Lucy (Drew Barrymore) wakes up every morning with no memory of anything that happened since her brain was injured in a car crash 18 months before. For the rest of us, everything that happens in this movie is just too, too familiar.
Yes, it’s another Adam Sandler movie, which means that a sweet but very immature man will fall for a winsome young lady amidst many, many, many attempts to find humor in sexual orientation, the impact of steroid use on sexual function, the relative merits of different sexual partners, getting walloped on the head, getting walloped on the stomach, getting bit by a shark, various physical disabilities and impairments, and more references to penis size and sexual stamina than an e-mailbox full of spam.
Sandler plays Henry Roth, an affable marine veterinarian at a Hawaiian acquarium whose only long-lasting relationships are with the walruses and penguins and with the goofy guy who cleans the tanks (Rob Schneider). Henry has many, many short-term relationships with female tourists, which keep him safe from commitment. Then he meets Lucy, whose short-term memory impairment makes it impossible for her to make any kind of commitment. He can’t break her heart because no matter what happens, she won’t remember him. But he falls in love with her. The girl who can’t remember is the one he can’t forget.

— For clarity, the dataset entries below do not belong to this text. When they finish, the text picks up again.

lemma G_mult_prod_le_coeff_1_slice_poly:
  assumes r: "1 \<le> r" and hom: "hom_plus {..<n} n p" and stable: "H_stable n p"
    and reg: "r_regular n r p" and j: "j < n" and y: "\<forall>i\<in>{..<n} - {j}. 0 < y i"
  shows "G (real r) * (\<Prod>i\<in>{..<n} - {j}. y i) \<le> coeff (slice_poly {..<n} n p j y) 1"
proof -
  define P where "P = slice_poly {..<n} n p j y"
  define L where "L = (\<Prod>i\<in>{..<n} - {j}. y i)"
  have L: "0 < L"
    unfolding L_def using y by (intro prod_pos) auto
  have lower: "\<forall>s>0. s * L \<le> poly P s"
    unfolding P_def L_def using mult_prod_le_poly_slice_poly_if_r_regular[OF hom reg r j y] by blast
  note coeff_eq_0_iff = coeff_slice_poly_eq_0_iff_regular_poly[OF hom reg j y, folded P_def]
  have deg: "degree P \<le> r"
    using degree_regular_poly[of r] coeff_eq_0_iff by (intro degree_le) (auto simp: coeff_eq_0)
  show ?thesis
  proof (cases "r = 1")
    case True
    then have "coeff P 0 = 0"
      using coeff_eq_0_iff coeff_0_regular_poly by simp
    have "poly P 1 = (\<Sum>i\<le>degree P. coeff P i)"
      by (simp add: poly_altdef)
    also have "\<dots> = (\<Sum>i\<le>1. coeff P i)"
      using deg True by (intro sum.mono_neutral_left) (auto simp: coeff_eq_0)
    also have "\<dots> = coeff P 1"
      using \<open>coeff P 0 = 0\<close> by simp
    finally have "L \<le> coeff P 1"
      using lower by (metis mult_1 zero_less_one)
    then show ?thesis
      using True by (simp add: G_def L_def P_def)
  next
    case False
    then have r2: "2 \<le> r"
      using r by simp
    have "coeff P 0 \<noteq> 0"
      using coeff_eq_0_iff coeff_0_regular_poly r2 by simp
    moreover have "0 \<le> coeff P 0"
      using hom y less_imp_le unfolding P_def hom_plus_def by (intro coeff_slice_poly_nonneg) blast+
    ultimately have P0: "0 < coeff P 0"
      by simp
    have "\<forall>z. poly (map_poly complex_of_real P) z = 0 \<longrightarrow> (\<exists>c>0. z = - of_real c)"
      unfolding P_def using H_stable_slice_poly_neg_roots[OF stable j y] P0 by (simp add: P_def)
    from real_rooted_coeff_1_lower_bound[OF this P0 deg r2 L lower] show ?thesis
      using r by (simp add: G_of_nat L_def P_def)
  qed
qed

Barrymore is as delicious as ever, and, as in The Wedding Singer, she and Sandler have an easy chemistry that showcases their offbeat appeal. Even with an exceptionally sweet and tender romantic conclusion, some audience members will find there is too little romance and too much gross-out humor (did I mention the part where the walrus barfs all over the sexually frustrated but mannish woman with an accent?). Then there are some who will think the romance is just a distraction while waiting for the next joke about penis size. Some will be sorry about the waste of talented performers like Dan (“Saturday Night Live”) Ackroyd, as Lucy’s doctor, and Sean (Lord of the Rings) Astin as Lucy’s lisping, steroid-using brother. There may also be some who just wish everyone would get out of the way of the beautiful Hawaiian scenery. This movie has something to disappoint just about everyone.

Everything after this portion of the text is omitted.